SKĐS - Five wealthy men pursue the adventure of exploring the legendary Titanic ship in the deep sea. Their passion for exploration has brought them together on the fateful submarine Titan, which is still mysteriously missing, with little life-sustaining oxygen left.
The missing Titan submersible is currently the focus of a search and rescue operation in the North Atlantic conducted jointly by the US and Canadian coast guards and rescue forces.

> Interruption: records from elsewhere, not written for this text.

lemma slash_sound:
  assumes "der \<Gamma> u A" and "\<forall>B\<in>snd ` set \<Gamma>. realized e B"
  shows "slash A e"
  using assms
proof (induction arbitrary: e rule: der.induct)
  case (var \<Gamma> x A)
  then show ?case by (force simp: realized_def dest: map_of_SomeD)
next
  case (hyp \<Gamma> a P)
  then show ?case by (force simp: realized_def dest: map_of_SomeD)
next
  case (wit \<Gamma> a P)
  then show ?case by (force simp: realized_def dest: map_of_SomeD)
next
  case (conjE1 \<Gamma> u A B)
  from conjE1.IH[OF conjE1.prems] show ?case by simp
next
  case (conjE2 \<Gamma> u A B)
  from conjE2.IH[OF conjE2.prems] show ?case by simp
next
  case (impI x A \<Gamma> u B)
  then show ?case by (simp add: realized_def)
next
  case (impE \<Gamma> u A B v)
  have "realized e A" by (rule realized_of_slash[OF impE.hyps(2) impE.prems impE.IH(2)[OF impE.prems]])
  with impE.IH(1)[OF impE.prems] show ?case by (simp add: realized_def)
next
  case (disjI1 \<Gamma> u A B)
  have "realized e A" by (rule realized_of_slash[OF disjI1.hyps disjI1.prems disjI1.IH[OF disjI1.prems]])
  then show ?case by (simp add: realized_def)
next
  case (disjI2 \<Gamma> u B A)
  have "realized e B" by (rule realized_of_slash[OF disjI2.hyps disjI2.prems disjI2.IH[OF disjI2.prems]])
  then show ?case by (simp add: realized_def)
next
  case (disjE \<Gamma> u A B x v C y w)
  from disjE.IH(1)[OF disjE.prems] have "realized e A \<or> realized e B" by (simp add: realized_def)
  then show ?case
  proof
    assume "realized e A"
    with disjE.prems show ?case by (intro disjE.IH(2)) simp
  next
    assume "realized e B"
    with disjE.prems show ?case by (intro disjE.IH(3)) simp
  qed
next
  case (allI \<Gamma> u A)
  have "slash A (case_nat n e)" for n
    by (rule allI.IH) (use allI.prems in \<open>simp add: snd_set_ctx_lift realized_flift\<close>)
  then show ?case by simp
next
  case (allE \<Gamma> u A t)
  from allE.IH[OF allE.prems] show ?case by (simp add: slash_inst)
next
  case (exI \<Gamma> u t A)
  have "realized e (fsubst (inst t) A)" by (rule realized_of_slash[OF exI.hyps exI.prems exI.IH[OF exI.prems]])
  then have "realized (case_nat (teval e t) e) A" by (simp only: realized_inst)
  then show ?case by (auto simp: realized_def)
next
  case (exE \<Gamma> u A x v C)
  from exE.IH(1)[OF exE.prems] obtain n where "realized (case_nat n e) A"
    by (auto simp: realized_def)
  with exE.prems have "slash (flift C) (case_nat n e)"
    by (intro exE.IH(2)) (simp add: snd_set_ctx_lift realized_flift)
  then show ?case by (simp add: slash_flift)
next
  case (ind \<Gamma> u A v t)
  have "slash A (case_nat n e)" for n
  proof (induction n)
    case 0
    from ind.IH(1)[OF ind.prems] show ?case by (simp add: slash_inst)
  next
    case (Suc n)
    have "realized e (fsubst (inst (num n)) A)"
      using realized_of_slash[OF der.ind[OF ind.hyps] ind.prems] Suc by (simp add: slash_inst)
    then have "realized (case_nat n e) A" by (simp only: realized_inst teval_num)
    with ind.IH(2)[OF ind.prems] have "slash (fsubst succ0 A) (case_nat n e)"
      by (simp add: realized_def)
    then show ?case by (simp only: slash_succ0)
  qed
  then show ?case by (simp add: slash_inst)
next
  case (post us Ps \<Gamma> P)
  have "der \<Gamma> (PPost us) (FAtom P)" by (rule der.post[OF post.hyps(1) _ post.hyps(2)]) (use post.IH in blast)
  from der_sound[OF this] post.prems show ?case by (simp add: realized_def)
next
  case (em1 a P \<Gamma> u C v)
  from der_sound[OF der.em1[OF em1.hyps]] em1.prems
  obtain n where n: "aeval (case_nat n e) C" by (auto simp: realized_def)
  have "afv (asubst (num \<circ> case_nat n e) C) = {}" by (cases C) (simp_all add: tfv_tsubst)
  with n have "provable_at (case_nat n e) (FAtom C)"
    unfolding provable_at_def by (auto intro: provable_true_atom simp: aeval_asubst)
  with n show ?case by auto
qed simp

theorem mainTheorem4:
  assumes "der [] t (FDisj A B)"
    and "pt_closed t"
    and "fm_closed (FDisj A B)"
  shows "(\<exists>u. der [] u A) \<or> (\<exists>v. der [] v B)"
proof -
  let ?e = "\<lambda>_. 0 :: nat"
  have "slash (FDisj A B) ?e" using slash_sound[OF assms(1)] by simp
  then have "provable_at ?e A \<or> provable_at ?e B" by auto
  moreover have "ffv A = {}" and "ffv B = {}" using assms(3) by (auto simp: fm_closed_def)
  ultimately show ?thesis by (simp add: provable_at_def fsubst_closed)
qed

end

The legendary Titanic has long been the inspiration and passion of many archaeologists, scientists and novelists. Not only has it been featured in movies with the immortal love story between Jack and Rose in Titanic, but it has also inspired many explorers and adventurers who still want to visit the ruins at the bottom of the Atlantic Ocean. And the 5 explorers on the Titan submersible are among them.
From left to right, the five explorers on the Titan submersible include billionaire Hamish Harding, father and son Suleman and Shahzada Dawood, aerospace engineer Stockton Rush and Titanic expert Paul Henry Nargeolet.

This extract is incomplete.